Are there any additional messages prior to this, indicating what might
have caused it?

Marcin

On 04.12.2017 09:32, Chaigneau, Nicolas wrote:
> Hello,
> 
> 
> Got another occurence of the issue, on 2017 December 1st at 09:12.
> 
> This time I had the server running with debug logs.
> I noticed that, not only did the LFC stopped being executed, but also the 
> lease reclaiming mechanism (both at the same time).
> 
> So I think that the issue is bigger, that all timers stop working. :(
> 
> 
> egrep "DHCPSRV_MEMFILE_LFC_START|DHCPSRV_TIMERMGR_RUN_TIMER_OPERATION" 
> kea1-open-20171202.log
> 
> (...)
> 2017-12-01 09:12:42.376 DEBUG [kea-dhcp4.dhcpsrv/32013] 
> DHCPSRV_TIMERMGR_RUN_TIMER_OPERATION running operation for timer: memfile-lfc
> 2017-12-01 09:12:42.376 INFO  [kea-dhcp4.dhcpsrv/32013] 
> DHCPSRV_MEMFILE_LFC_START starting Lease File Cleanup
> 2017-12-01 09:12:43.240 DEBUG [kea-dhcp4.dhcpsrv/32013] 
> DHCPSRV_TIMERMGR_RUN_TIMER_OPERATION running operation for timer: 
> reclaim-expired-leases
> (...)
> 2017-12-01 09:13:40.255 DEBUG [kea-dhcp4.dhcpsrv/32013] 
> DHCPSRV_TIMERMGR_RUN_TIMER_OPERATION running operation for timer: 
> reclaim-expired-leases
> 2017-12-01 09:13:41.256 DEBUG [kea-dhcp4.dhcpsrv/32013] 

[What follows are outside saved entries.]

(* Let $d\in\mathbb{N}$, $0<s,p<\infty$ with $sp\ne d$. Let $\mathbb{Z}_+=\{0,1,\ldots\}$, $\|x\|_\infty=\max_i|x_i|$, and define $A_0=\{0\}$ and, for $n\ge1$, $A_n=\mathbb{Z}_+^d\cap[0,2^n-1]^d\setminus[0,2^{n-1}-1]^d$. Let $K\in\mathbb{N}$ satisfy \[2^{sp+1}(2^{p-1}\vee1)\,2^{-K|sp-d|}\le1,\] and let \[C(d,p,s,K)=\frac{2^{sp+1+K(d\wedge sp)}(2^{p-1}\vee1)}{1-2^{-d}}.\] If $sp<d$, then \[\sum_{j\in\mathbb{Z}_+^d\setminus\{0\}}\frac{|u(j)|^p}{\|j\|_\infty^{sp}}\le C(d,p,s,K)\sum_{n=1}^\infty\sum_{j\in A_n}\sum_{m\in A_{n+K}}\frac{|u(j)-u(m)|^p}{2^{(n+K)(d+sp)}}\] for all $u:\mathbb{Z}_+^d\to\mathbb{C}$ for which the left side is finite. If $d<sp$, then \[\sum_{\substack{j\in\mathbb{Z}_+^d\\ 2^K\le\|j\|_\infty}}\frac{|u(j)|^p}{\|j\|_\infty^{sp}}\le C(d,p,s,K)\sum_{n=1}^\infty\sum_{j\in A_n}\sum_{m\in A_{n+K}}\frac{|u(j)-u(m)|^p}{2^{(n+K)(d+sp)}}+\sum_{\substack{j\in\mathbb{Z}_+^d\\ 1\le\|j\|_\infty<2^K}}\frac{|u(j)|^p}{\|j\|_\infty^{sp}}\] for all $u:\mathbb{Z}_+^d\to\mathbb{C}$.
   Context: $a\wedge b=\min(a,b)$, $a\vee b=\max(a,b)$. *)

theory Defs
  imports "HOL-Analysis.Analysis"
begin

text \<open>Points of Z_+^d are functions from a finite index type 'n (with d = CARD('n)) to nat.\<close>

definition supnorm :: "('n::finite \<Rightarrow> nat) \<Rightarrow> nat" where
  "supnorm j = Max (range j)"

definition Ablock :: "nat \<Rightarrow> ('n::finite \<Rightarrow> nat) set" where
  "Ablock n = (if n = 0 then {\<lambda>_. 0}
     else {j. \<forall>i. j i \<le> 2^n - 1} - {j. \<forall>i. j i \<le> 2^(n-1) - 1})"

definition Cconst :: "nat \<Rightarrow> real \<Rightarrow> real \<Rightarrow> nat \<Rightarrow> real" where
  "Cconst d p s K = 2 powr (s*p + 1 + real K * min (real d) (s*p)) * max (2 powr (p-1)) 1
      / (1 - 2 powr (- real d))"

definition Rside :: "nat \<Rightarrow> real \<Rightarrow> real \<Rightarrow> (('n::finite \<Rightarrow> nat) \<Rightarrow> complex) \<Rightarrow> ennreal" where
  "Rside K p s u = (\<Sum>\<^sub>\<infinity> n\<in>{1..}. \<Sum>j\<in>Ablock n. \<Sum>m\<in>Ablock (n+K).
      ennreal (norm (u j - u m) powr p / 2 powr (real (n+K) * (real CARD('n) + s*p))))"

end

theory Submission
  imports Defs
begin

(* Split the nonzero points into the dyadic shells A_n, on which the sup-norm is comparable
   to 2^n, and let M_n = 2^(-n s p) * (sum over A_n of |u|^p).  Averaging
   |a|^p <= c (|a - b|^p + |b|^p), c = max (2^(p-1)) 1, over all pairs in A_n x A_(n+K) bounds
   M_n by a multiple of the n-th term of the right-hand side plus c 2^(-K (d - s p)) M_(n+K),
   and symmetrically M_(n+K) by that term plus c 2^(-K (s p - d)) M_n; the factor 2^(K d) is
   the ratio of the shell sizes.  The choice of K makes the coefficient of the shifted mass at
   most 1/2, so it can be absorbed: for s p < d into the (finite) left-hand side, for s p > d
   into truncated sums, leaving the shells below 2^K as the error term. *)

lemma powr_add_le_subadditive:
  fixes x y p :: real
  assumes "0 \<le> x" "0 \<le> y" "0 < p" "p \<le> 1"
  shows "(x + y) powr p \<le> x powr p + y powr p"
proof (cases "x = 0 \<or> y = 0")
  case False
  then have xy: "0 < x" "0 < y" using assms by auto
  have frac_le: "t / (x + y) \<le> (t / (x + y)) powr p" if "0 < t" "t \<le> x + y" for t
    using powr_mono'[of p 1 "t / (x + y)"] that xy assms by simp
  have "1 = x / (x + y) + y / (x + y)" using xy by (simp add: add_divide_distrib[symmetric])
  also have "\<dots> \<le> (x / (x + y)) powr p + (y / (x + y)) powr p"
    using frac_le[of x] frac_le[of y] xy by simp
  also have "\<dots> = (x powr p + y powr p) / (x + y) powr p"
    using xy by (simp add: powr_divide add_divide_distrib)
  finally show ?thesis using xy by (simp add: field_simps)
qed auto

lemma powr_add_le_convex:
  fixes x y p :: real
  assumes "0 \<le> x" "0 \<le> y" "1 \<le> p"
  shows "(x + y) powr p \<le> 2 powr (p - 1) * (x powr p + y powr p)"
proof (cases "x = 0 \<or> y = 0")
  case True
  then have "(x + y) powr p = 1 * (x powr p + y powr p)" by auto
  also have "\<dots> \<le> 2 powr (p - 1) * (x powr p + y powr p)"
    using assms by (intro mult_right_mono ge_one_powr_ge_zero) auto
  finally show ?thesis .
next
  case False
  then have "((1 - 1/2) *\<^sub>R x + (1/2) *\<^sub>R y) powr p \<le> (1 - 1/2) * x powr p + (1/2) * y powr p"
    using convex_onD[OF powr_convex[OF assms(3)], of "1/2" x y] assms by auto
  then have midpoint: "((x + y) / 2) powr p \<le> (x powr p + y powr p) / 2"
    by (simp add: field_simps)
  have "(x + y) powr p = 2 powr p * ((x + y) / 2) powr p"
    using assms by (simp add: powr_divide)
  also have "\<dots> \<le> 2 powr p * ((x powr p + y powr p) / 2)"
    using midpoint by (intro mult_left_mono) auto
  also have "\<dots> = 2 powr (p - 1) * (x powr p + y powr p)"
    by (simp add: powr_diff)
  finally show ?thesis .
qed

lemma powr_add_le_max:
  fixes x y p :: real
  assumes "0 \<le> x" "0 \<le> y" "0 < p"
  shows "(x + y) powr p \<le> max (2 powr (p - 1)) 1 * (x powr p + y powr p)"
proof (cases "1 \<le> p")
  case True
  then have "(x + y) powr p \<le> 2 powr (p - 1) * (x powr p + y powr p)"
    using assms by (intro powr_add_le_convex) auto
  also have "\<dots> \<le> max (2 powr (p - 1)) 1 * (x powr p + y powr p)"
    by (intro mult_right_mono) auto
  finally show ?thesis .
next
  case False
  then have "(x + y) powr p \<le> x powr p + y powr p"
    using assms by (intro powr_add_le_subadditive) auto
  also have "\<dots> \<le> max (2 powr (p - 1)) 1 * (x powr p + y powr p)"
    using mult_right_mono[of 1 "max (2 powr (p - 1)) 1" "x powr p + y powr p"] by simp
  finally show ?thesis .
qed

lemma norm_powr_le_diff_powr:
  fixes a b :: "'a::real_normed_vector"
  assumes "0 < p"
  shows "norm a powr p \<le> max (2 powr (p - 1)) 1 * (norm (a - b) powr p + norm b powr p)"
proof -
  have "norm a powr p \<le> (norm (a - b) + norm b) powr p"
    using norm_triangle_sub[of a b] assms by (intro powr_mono2) (auto simp: add.commute)
  also have "\<dots> \<le> max (2 powr (p - 1)) 1 * (norm (a - b) powr p + norm b powr p)"
    using assms by (intro powr_add_le_max) auto
  finally show ?thesis .
qed
lemma crossing_order_cases:
  fixes t1 t2 t3 :: real
  assumes "t2 \<noteq> 2" "t3 \<noteq> 2" "t3 \<noteq> t1" "t3 \<noteq> t2" "t1 < 2" "t1 < t2"
  obtains "2 < t2" "2 < t3" | "t2 < 2" "2 < t3" | "2 < t2" "t3 < 2" "t1 < t3"
    | "2 < t2" "t3 < t1" | "t2 < 2" "t3 < 2" "t2 < t3" | "t2 < 2" "t1 < t3" "t3 < t2"
    | "t2 < 2" "t3 < t1"
proof -
  have "t2 < 2 \<or> 2 < t2" "t3 < 2 \<or> 2 < t3" "t3 < t1 \<or> t1 < t3" "t3 < t2 \<or> t2 < t3"
    using assms(1-4) by (simp_all add: neq_iff)
  then show thesis using assms(5,6) that by (elim disjE) linarith+
qed

lemma initial_window_word:
  assumes "0 \<le> y" "y < 1" "0 \<le> z" "z < 1" "well_defined_orbit theta0 (0, y, z)"
  obtains ts where "sorted_wrt (<) ts" "set ts = {t \<in> hit_times theta0 (0, y, z). t < 2}"
    "map (letter_at theta0 (0, y, z)) ts = Phi y z"
proof -
  define t1 t2 t3 where "t1 = (1 - y) * phi" and "t2 = (2 - y) * phi" and "t3 = (1 - z) * phi^2"
  have "(1 - y) * phi \<le> 1 * phi"
    using assms phi_bounds by (intro mult_right_mono) simp_all
  then have "t1 < 2" using phi_bounds unfolding t1_def by linarith
  moreover have "0 < t1" "t1 < t2"
    using assms phi_bounds unfolding t1_def t2_def by (simp_all add: algebra_simps)
  ultimately have t1: "0 < t1" "t1 < 2" "t1 < t2" by simp_all
  have t3: "0 < t3" using assms phi_bounds unfolding t3_def by simp
  have generic: "t2 \<noteq> 2" "t3 \<noteq> 2" "t3 \<noteq> t1" "t3 \<noteq> t2"
    using initial_window_crossing_times_distinct[OF assms(2,4,5)] unfolding t1_def t2_def t3_def by simp_all
  have Phi: "Phi y z =
    (if 2 < t2 \<and> 2 < t3 then [a, b]
     else if t2 < 2 \<and> 2 < t3 then [a, b, b]
     else if 2 < t2 \<and> t3 < 2 \<and> t1 < t3 then [a, b, c]
     else if 2 < t2 \<and> t3 < t1 then [a, c, b]
     else if t2 < 2 \<and> t3 < 2 \<and> t2 < t3 then [a, b, b, c]
     else if t2 < 2 \<and> t1 < t3 \<and> t3 < t2 then [a, b, c, b]
     else if t2 < 2 \<and> t3 < t1 then [a, c, b, b]
     else [])"
    unfolding Phi_def Phi_boundaries_crossing_order t1_def t2_def t3_def by simp
  let ?label = "\<lambda>t. if t = 0 then a else if t = t3 then c else b"
  obtain ts where ts: "sorted_wrt (<) ts" "set ts = {0, t1} \<union> {t \<in> {t2, t3}. t < 2}"
    "map ?label ts = Phi y z"
    using generic t1(2,3)
  proof (cases rule: crossing_order_cases)
    case 1
    then show thesis using t1 t3 generic by (intro that[of "[0, t1]"]) (auto simp: Phi)
  next
    case 2
    then show thesis using t1 t3 generic by (intro that[of "[0, t1, t2]"]) (auto simp: Phi)
  next
    case 3
    then show thesis using t1 t3 generic by (intro that[of "[0, t1, t3]"]) (auto simp: Phi)
  next
    case 4
    then show thesis using t1 t3 generic by (intro that[of "[0, t3, t1]"]) (auto simp: Phi)
  next
    case 5
    then show thesis using t1 t3 generic by (intro that[of "[0, t1, t2, t3]"]) (auto simp: Phi)
  next
    case 6
    then show thesis using t1 t3 generic by (intro that[of "[0, t1, t3, t2]"]) (auto simp: Phi)
  next
    case 7
    then show thesis using t1 t3 generic by (intro that[of "[0, t3, t1, t2]"]) (auto simp: Phi)
  qed
  have window: "{t \<in> hit_times theta0 (0, y, z). t < 2} = {0, t1} \<union> {t \<in> {t2, t3}. t < 2}"
    unfolding t1_def t2_def t3_def by (rule initial_window_hit_times[OF assms(1-4)])
  have "letter_at theta0 (0, y, z) t = ?label t" if "t \<in> set ts" for t
  proof -
    have "t \<in> hit_times theta0 (0, y, z)" "t < 2" using that ts(2) unfolding window[symmetric] by auto
    then show ?thesis unfolding t3_def by (rule initial_window_letters[OF assms])
  qed
  then have "map (letter_at theta0 (0, y, z)) ts = map ?label ts" by (rule map_cong[OF refl])
  with ts show thesis unfolding window[symmetric] by (intro that) simp_all
qed
lemma DeltaW_rec:
  assumes "k + 3 \<le> N"
  shows "DeltaW t N k = real (N - 1) * DeltaW t (N - 1) k
    + t^2 * (fact (N - 2) / fact k) * pochhammer t k"
proof -
  obtain m where N: "N = Suc (Suc k + m)"
    using assms by (intro that[of "N - (k + 2)"]) simp
  have "DeltaW t N k = winnable_weight t (Suc k) (Suc (Suc k + m)) - winnable_weight t k (Suc (Suc k + m))"
    by (simp add: DeltaW_def W_eq_winnable_weight N)
  also have "\<dots> = real (Suc k + m) * (winnable_weight t (Suc k) (Suc k + m) - winnable_weight t k (Suc k + m))
      + t * (no_lrm_after_weight t (Suc k) (Suc k + m) - no_lrm_after_weight t k (Suc k + m))"
    by (simp add: algebra_simps)
  also have "\<dots> = real (N - 1) * DeltaW t (N - 1) k + t^2 * (fact (N - 2) / fact k) * pochhammer t k"
    unfolding no_lrm_after_weight_Suc_diff
    by (simp add: DeltaW_def W_eq_winnable_weight N power2_eq_square)
  finally show ?thesis .
qed

theorem corollary4p4:
  fixes \<theta> :: real and k :: nat
  assumes "\<theta> > 0"
  shows "DeltaW \<theta> (k + 2) k = \<theta> * (\<theta> - real (k + 1)) * pochhammer \<theta> k
     \<and> (\<forall>N. N \<ge> k + 3 \<longrightarrow>
          DeltaW \<theta> N k = real (N - 1) * DeltaW \<theta> (N - 1) k
            + \<theta>^2 * (fact (N - 2) / fact k) * pochhammer \<theta> k)"
  using DeltaW_Suc_Suc DeltaW_rec by blast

> DHCPSRV_TIMERMGR_RUN_TIMER_OPERATION running operation for timer: 
> reclaim-expired-leases
> 
> No more timer-related logs after this point.
> (Note that the server is still processing DHCP packets correctly.)
> 
> 
> 
> 
> Regards,
> Nicolas.
> 
>>
>> OK, thanks for the update!
>>
>> For the record, the issue can appear whether Kea receives DHCP packets or 
>> not.
>> So you can just start the server and wait :)
>>
>>
>>
>>
>>> I've been running Kea with LFC for 2 days, simulating DHCP requests at
>>> the rate of 1 lease/sec with valid lifetime of 60 seconds. I haven't
>>> reproduced the problem so far.
>>>
>>> Marcin
>>>
>>> On 30.11.2017 09:28, Chaigneau, Nicolas wrote:
>>>>
>>>>
>>>>
>>>> I've restarted Kea a week ago with debug logs, in the hope of seeing 
>>>> something when the issue manifests.
>>>>
>>>> No "luck" so far. Still waiting...
>>>>
>>>>
>>>>
>>>>  
>>>>> The worker thread seems to be running.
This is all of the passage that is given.